The sole issue on appeal is whether the district court erred in holding that section 8113(b) is rationally related to a legitimate governmental purpose.

We may affirm the district court’s order for summary judgment if, viewing the record in the light most favorable to appellant, there was no genuine issue of material fact and the appellees were entitled to judgment as a matter of law. State of Alaska v. United States, 754 F.2d 851, 853 (9th Cir.1985). We review the order de novo. Id.

Absent a suspect classification or the infringement of a fundamental right, neither of which is alleged to exist here, the equal protection clause is offended only if the statute’s different treatment of the two classes of local government employees bears no rational relationship to a legitimate governmental purpose. See San Antonio Independent School Dist v. Rodriguez, 411 U.S. 1, 40, 93 S.Ct. 1278,1300, 36 L.Ed.2d 16 (1973); Parks v. Watson, 716 F.2d 646, 654 (9th Cir.1983). We may hypothesize the possible legislative purposes for enacting the statute, and must uphold it if any legitimate purpose is served. In re Lara, 731 F.2d 1455, 1460 & n. 7 (9th Cir.1984); Brandwein v. California Bd. of *775 Osteopathic Examiners, 708 F.2d 1466, 1470-71 (9th Cir.1983); Lamb v. Scripps College, 627 F.2d 1015, 1021 n. 9 (9th Cir. 1980).

The district court granted summary judgment solely on the basis of Devereaux v. New York State Teachers’ Retirement Board, 75 A.D.2d 277, 429 N.Y.S.2d 743, appeal denied, 51 N.Y.2d 705, 433 N.Y. S.2d 1025, 412 N.E.2d 1327 (1980). That case upheld a New York statute that gave teachers retroactive retirement credit for military service provided they were New York residents at the time they began and ended such service. An intermediate state appellate court found that

the classification is substantially related to the object of the statute, which was the desire of the State of New York to express its gratitude to its sons who entered their country’s service in time of war by conferring certain benefits to them to compensate them for the disruption of their way of life and, in many cases, of their employment by service in the armed forces.

429 N.Y.S.2d at 747. See also Regan v. Taxation with Representation of Washington, 461 U.S. 540, 551, 103 S.Ct. 1997, 76 L.Ed.2d 129 (1983) (“Our country has a longstanding policy of compensating veterans for their past contributions by providing them with numerous advantages. This policy has ‘always been deemed to be legitimate.’ ”); Personnel Administrator of Massachusetts v. Feeney, 442 U.S. 256, 265, 99 S.Ct. 2282, 2288, 60 L.Ed.2d 870 (1979).

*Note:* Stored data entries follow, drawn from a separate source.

(* Let $k=n$, $\Omega\subset\mathbb{R}^n$ a bounded domain with boundary $\Gamma$, and $\psi=\psi(x,u,p)$ a smooth positive function on $\Omega\times(0,\infty)\times\mathbb{R}^n$. Let $v\in C^2(\Omega)\cap C^0(\overline\Omega)$ be locally convex with $\det(\delta_{kl}+v_kv_l+vv_{kl})=0$ in $\Omega$, $v=0$ on $\Gamma$. Let $\underline u\in C^4(\Omega)\cap C^0(\overline\Omega)$ be strictly locally convex with $\det A[\underline u]\ge\psi(x,\underline u,D\underline u)$ in $\Omega$, $\underline u=0$ on $\Gamma$, and assume the level sets $\Gamma_\epsilon$ are regular boundaries of $\Omega_\epsilon$ for small $\epsilon>0$. For all sufficiently small $\epsilon>0$ let $u^\epsilon\ge\underline u$ be a smooth strictly locally convex solution of $\det A[u^\epsilon]=\psi(x,u^\epsilon,Du^\epsilon)$ in $\Omega_\epsilon$, $u^\epsilon=\epsilon$ on $\Gamma_\epsilon$, and assume the uniform interior $C^1$ bound: for every sufficiently small $\epsilon'>0$ there is $C(\epsilon')$ with $\|u^\epsilon\|_{C^1(\overline{\Omega_{\epsilon'}})}\le C(\epsilon')$ for all $0<\epsilon<\epsilon'/2$. Set $U^\epsilon=(u^\epsilon)^2+|x|^2$, $V=v^2+|x|^2$. Then for every sufficiently small $\epsilon_0>0$, with $r=\mathrm{dist}(\Omega_{\epsilon_0},\Gamma_{\epsilon_0/2})$, there exists $\tau>0$ depending on $\epsilon_0$ but not on $\epsilon$ such that $\inf_{\Omega_{\epsilon_0}}(V-U^\epsilon)\ge\tau r^2$ for all $0<\epsilon<\epsilon_0/4$.
   Context: Upper half-space model of $\mathbb{H}^{n+1}$. For positive $u$, $A[u]=(a_{ij})$, $a_{ij}=\frac1w(\delta_{ij}+u\gamma^{ik}u_{kl}\gamma^{lj})$, $w=\sqrt{1+|Du|^2}$, $\gamma^{ik}=\delta_{ik}-\frac{u_iu_k}{w(1+w)}$; its eigenvalues $\kappa[u]$ are the hyperbolic principal curvatures of the graph of $u$. Strictly locally convex: $\kappa[u]\in\Gamma_n$ (all $\kappa_i>0$); locally convex: $\kappa[u]\in\overline{\Gamma_n}$. $\Gamma_\epsilon=\{x\in\Omega:\underline u(x)=\epsilon\}$, $\Omega_\epsilon=\{x\in\Omega:\underline u(x)>\epsilon\}$; regular boundary means $\Gamma_\epsilon$ is an $(n-1)$-dimensional $C^4$ hypersurface with $|D\underline u|>0$ on it. *)

theory Defs
  imports "HOL-Analysis.Analysis"
begin

definition pderiv_dir :: "('a::euclidean_space \<Rightarrow> real) \<Rightarrow> 'a \<Rightarrow> 'a \<Rightarrow> real" where
  "pderiv_dir f b x = frechet_derivative f (at x) b"

fun Ck_on :: "nat \<Rightarrow> 'a::euclidean_space set \<Rightarrow> ('a \<Rightarrow> real) \<Rightarrow> bool" where
  "Ck_on 0 S f = continuous_on S f"
| "Ck_on (Suc k) S f = (f differentiable_on S \<and> (\<forall>b\<in>Basis. Ck_on k S (pderiv_dir f b)))"

definition smooth_on :: "'a::euclidean_space set \<Rightarrow> ('a \<Rightarrow> real) \<Rightarrow> bool" where
  "smooth_on S f \<longleftrightarrow> (\<forall>k. Ck_on k S f)"

definition pd :: "(real^'n \<Rightarrow> real) \<Rightarrow> 'n \<Rightarrow> real^'n \<Rightarrow> real" where
  "pd u i x = frechet_derivative u (at x) (axis i 1)"

definition grad :: "(real^'n \<Rightarrow> real) \<Rightarrow> real^'n \<Rightarrow> real^'n" where
  "grad u x = (\<chi> i. pd u i x)"

definition hess :: "(real^'n \<Rightarrow> real) \<Rightarrow> real^'n \<Rightarrow> real^'n^'n" where
  "hess u x = (\<chi> i j. pd (pd u j) i x)"

definition wfun :: "(real^'n \<Rightarrow> real) \<Rightarrow> real^'n \<Rightarrow> real" where
  "wfun u x = sqrt (1 + (norm (grad u x))\<^sup>2)"

definition gammaM :: "(real^'n \<Rightarrow> real) \<Rightarrow> real^'n \<Rightarrow> real^'n^'n" where
  "gammaM u x = (\<chi> i k. (if i = k then 1 else 0)
       - grad u x $ i * grad u x $ k / (wfun u x * (1 + wfun u x)))"

definition Amat :: "(real^'n \<Rightarrow> real) \<Rightarrow> real^'n \<Rightarrow> real^'n^'n" where
  "Amat u x = (\<chi> i j. (1 / wfun u x) * ((if i = j then 1 else 0)
       + u x * (gammaM u x ** hess u x ** gammaM u x) $ i $ j))"

definition is_eigenvalue :: "real^'n^'n \<Rightarrow> real \<Rightarrow> bool" where
  "is_eigenvalue M l \<longleftrightarrow> (\<exists>y. y \<noteq> 0 \<and> M *v y = l *\<^sub>R y)"

(* kappa[u] in Gamma_n at every point (u positive) *)
definition strictly_locally_convex :: "(real^'n \<Rightarrow> real) \<Rightarrow> (real^'n) set \<Rightarrow> bool" where
  "strictly_locally_convex u S \<longleftrightarrow>
     (\<forall>x\<in>S. u x > 0 \<and> (\<forall>l. is_eigenvalue (Amat u x) l \<longrightarrow> l > 0))"

(* kappa[u] in the closure of Gamma_n at every point (u positive) *)
definition locally_convex :: "(real^'n \<Rightarrow> real) \<Rightarrow> (real^'n) set \<Rightarrow> bool" where
  "locally_convex u S \<longleftrightarrow>
     (\<forall>x\<in>S. u x > 0 \<and> (\<forall>l. is_eigenvalue (Amat u x) l \<longrightarrow> l \<ge> 0))"

definition GammaL :: "(real^'n) set \<Rightarrow> (real^'n \<Rightarrow> real) \<Rightarrow> real \<Rightarrow> (real^'n) set" where
  "GammaL \<Omega> ub e = {x\<in>\<Omega>. ub x = e}"

definition OmegaL :: "(real^'n) set \<Rightarrow> (real^'n \<Rightarrow> real) \<Rightarrow> real \<Rightarrow> (real^'n) set" where
  "OmegaL \<Omega> ub e = {x\<in>\<Omega>. ub x > e}"

(* Gamma_e is a regular boundary of Omega_e: it is the boundary of Omega_e and
   |D ub| > 0 on it (with ub of class C^4 this makes Gamma_e an (n-1)-dimensional
   C^4 hypersurface by the implicit function theorem) *)
definition regular_boundary :: "(real^'n) set \<Rightarrow> (real^'n \<Rightarrow> real) \<Rightarrow> real \<Rightarrow> bool" where
  "regular_boundary \<Omega> ub e \<longleftrightarrow>
     frontier (OmegaL \<Omega> ub e) = GammaL \<Omega> ub e \<and>
     (\<forall>x\<in>GammaL \<Omega> ub e. norm (grad ub x) > 0)"

end

theory Submission
  imports Defs
begin

(* With M[u] = I + Du Du^T + u D^2u, the curvature matrix satisfies w A[u] = gamma M[u] gamma.
   At an interior maximum p of f^2 - g^2 - lam |x - a|^2 the second derivatives along lines give
   M[f] <= M[g] + lam I at p.  If det M[g] = 0, a null vector of M[g] pulled back through gamma
   is a direction in which A[f] is at most lam, while A[f] <= sup |M[g]| + lam everywhere, so
   det A[f](p) <= lam (sup |M[g]| + lam)^(n-1).  For lam = 0 this contradicts strict convexity of
   f, which gives the comparison principle (u^eps)^2 <= v^2.  For lam = tau, small against the
   lower bound of psi on the compact set that the uniform C^1 bound confines its arguments to, the
   maximum over the ball of radius r about x0 must lie on the sphere, where f^2 <= g^2; hence
   v^2 - (u^eps)^2 >= tau r^2 at x0, and |x|^2 cancels in V - U^eps. *)

section \<open>Derivatives along lines\<close>

lemma has_derivative_grad:
  fixes f :: "real^'n \<Rightarrow> real"
  assumes "f differentiable (at x)"
  shows "(f has_derivative (\<lambda>h. grad f x \<bullet> h)) (at x)"
proof -
  let ?D = "frechet_derivative f (at x)"
  have D: "(f has_derivative ?D) (at x)" using assms frechet_derivative_works by blast
  have "?D h = grad f x \<bullet> h" for h
  proof -
    have "?D h = ?D (\<Sum>i\<in>UNIV. h$i *\<^sub>R axis i 1)"
      using basis_expansion[of h] by (simp add: scalar_mult_eq_scaleR)
    also have "\<dots> = (\<Sum>i\<in>UNIV. h$i * ?D (axis i 1))"
      using has_derivative_linear[OF D] by (simp add: linear_sum linear_scale)
    finally show ?thesis by (simp add: grad_def pd_def inner_vec_def mult.commute)
  qed
  then show ?thesis using D by (metis (no_types, lifting) ext)
qed

lemma has_real_derivative_along_line:
  fixes f :: "real^'n \<Rightarrow> real"
  assumes "f differentiable (at (x + t *\<^sub>R y))"
  shows "((\<lambda>s. f (x + s *\<^sub>R y)) has_real_derivative grad f (x + t *\<^sub>R y) \<bullet> y) (at t)"
proof -
  have "((\<lambda>s. x + s *\<^sub>R y) has_derivative (\<lambda>s. s *\<^sub>R y)) (at t)"
    by (auto intro!: derivative_eq_intros)
  from has_derivative_compose[OF this has_derivative_grad[OF assms]]
  show ?thesis by (simp add: has_field_derivative_def mult_commute_abs)
qed

definition twice_differentiable_on :: "(real^'n \<Rightarrow> real) \<Rightarrow> (real^'n) set \<Rightarrow> bool" where
  "twice_differentiable_on f S \<longleftrightarrow>
     (\<forall>x\<in>S. f differentiable (at x) \<and> (\<forall>i. pd f i differentiable (at x)))"

lemma twice_differentiable_on_subset:
  "twice_differentiable_on f T \<Longrightarrow> S \<subseteq> T \<Longrightarrow> twice_differentiable_on f S"
  by (auto simp: twice_differentiable_on_def)

lemma hess_quadratic_form:
  "y \<bullet> (hess f x *v y) = (\<Sum>i\<in>UNIV. (grad (pd f i) x \<bullet> y) * y$i)"
proof -
  have "y \<bullet> (hess f x *v y) = (\<Sum>j\<in>UNIV. \<Sum>i\<in>UNIV. pd (pd f i) j x * y$j * y$i)"
    by (simp add: hess_def inner_vec_def matrix_vector_mult_def sum_distrib_left mult_ac)
  also have "\<dots> = (\<Sum>i\<in>UNIV. \<Sum>j\<in>UNIV. pd (pd f i) j x * y$j * y$i)" by (rule sum.swap)
  finally show ?thesis by (simp add: grad_def inner_vec_def sum_distrib_right)
qed

lemma has_real_derivative_grad_along_line:
  fixes f :: "real^'n \<Rightarrow> real"
  assumes "\<And>i. pd f i differentiable (at (x + t *\<^sub>R y))"
  shows "((\<lambda>s. grad f (x + s *\<^sub>R y) \<bullet> y) has_real_derivative
           y \<bullet> (hess f (x + t *\<^sub>R y) *v y)) (at t)"
proof -
  have "grad f z \<bullet> y = (\<Sum>i\<in>UNIV. pd f i z * y$i)" for z
    by (simp add: grad_def inner_vec_def)
  then show ?thesis
    unfolding hess_quadratic_form
    by (auto intro!: DERIV_sum DERIV_cmult_right has_real_derivative_along_line assms)
qed

lemma second_derivative_nonpos_at_local_max:
  fixes G G' :: "real \<Rightarrow> real"
  assumes "0 < \<delta>" and G': "\<And>s. \<bar>s\<bar> < \<delta> \<Longrightarrow> (G has_real_derivative G' s) (at s)"
    and G'': "(G' has_real_derivative d) (at 0)"
    and max: "\<And>s. \<bar>s\<bar> < \<delta> \<Longrightarrow> G s \<le> G 0"
  shows "d \<le> 0"
proof (rule ccontr)
  assume "\<not> d \<le> 0"
  then have "0 < d" by simp
  have G'0: "G' 0 = 0"
    by (rule DERIV_local_max[OF G'[of 0] \<open>0 < \<delta>\<close>]) (use assms in auto)
  obtain d1 where d1: "d1 > 0" "\<And>h. h > 0 \<Longrightarrow> h < d1 \<Longrightarrow> G' 0 < G' (0 + h)"
    using DERIV_pos_inc_right[OF G'' \<open>0 < d\<close>] by blast
  define h where "h = min \<delta> d1 / 2"
  have h: "0 < h" "h < \<delta>" "h < d1" using d1 \<open>0 < \<delta>\<close> by (auto simp: h_def)
  obtain z where z: "0 < z" "z < h" "G h - G 0 = (h - 0) * G' z"
    using MVT2[of 0 h G G'] h G' by force
  have "G' z > 0" using d1(2)[of z] z h G'0 by simp
  then have "h * G' z > 0" using h by simp
  then have "G h > G 0" using z by simp
  with max[of h] h show False by simp
qed

definition outer :: "real^'n \<Rightarrow> real^'n^'n" where
  "outer p = (\<chi> i k. p$i * p$k)"

lemma outer_mult_vec: "outer p *v z = (p \<bullet> z) *\<^sub>R p"
  by (simp add: vec_eq_iff outer_def matrix_vector_mult_def inner_vec_def sum_distrib_left mult_ac)

definition Mmat :: "(real^'n \<Rightarrow> real) \<Rightarrow> real^'n \<Rightarrow> real^'n^'n" where
  "Mmat u x = (\<chi> k l. (if k = l then 1 else 0) + grad u x $ k * grad u x $ l + u x * hess u x $ k $ l)"

lemma Mmat_quadratic_form:
  "y \<bullet> (Mmat u x *v y) = (norm y)\<^sup>2 + (grad u x \<bullet> y)\<^sup>2 + u x * (y \<bullet> (hess u x *v y))"
proof -
  have "Mmat u x = mat 1 + outer (grad u x) + u x *\<^sub>R hess u x"
    by (simp add: vec_eq_iff Mmat_def mat_def outer_def)
  then show ?thesis
    by (simp add: matrix_vector_mult_add_rdistrib outer_mult_vec inner_add_right
        scaleR_matrix_vector_assoc[symmetric] power2_eq_square inner_commute
        dot_square_norm[of y, unfolded power2_eq_square])
qed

Although rewarding veterans for their past military service is a legitimate state purpose, the trend of recent decisions is to restrict both the types of past contributions that may be legitimately rewarded and the bases for distinguishing between favored and disfavored classes.

In Zobel v. Williams, 457 U.S. 55, 102 S.Ct. 2309, 72 L.Ed.2d 672 (1982), for example, the Supreme Court held that giving long-term residents larger cash dividends than newer residents as a reward for “contributions of various kinds, both tangible and intangible, which residents have made during their years of residency,” was not a legitimate state purpose. 457 U.S. at 61, 63, 102 S.Ct. at 2313, 2314. Similarly, the Court has held that a state may not apportion welfare benefits according to the past tax contributions of applicants. Shapiro v. Thompson, 394 U.S. 618, 632-33, 89 S.Ct. 1322, 1330, 22 L.Ed.2d 600 (1969).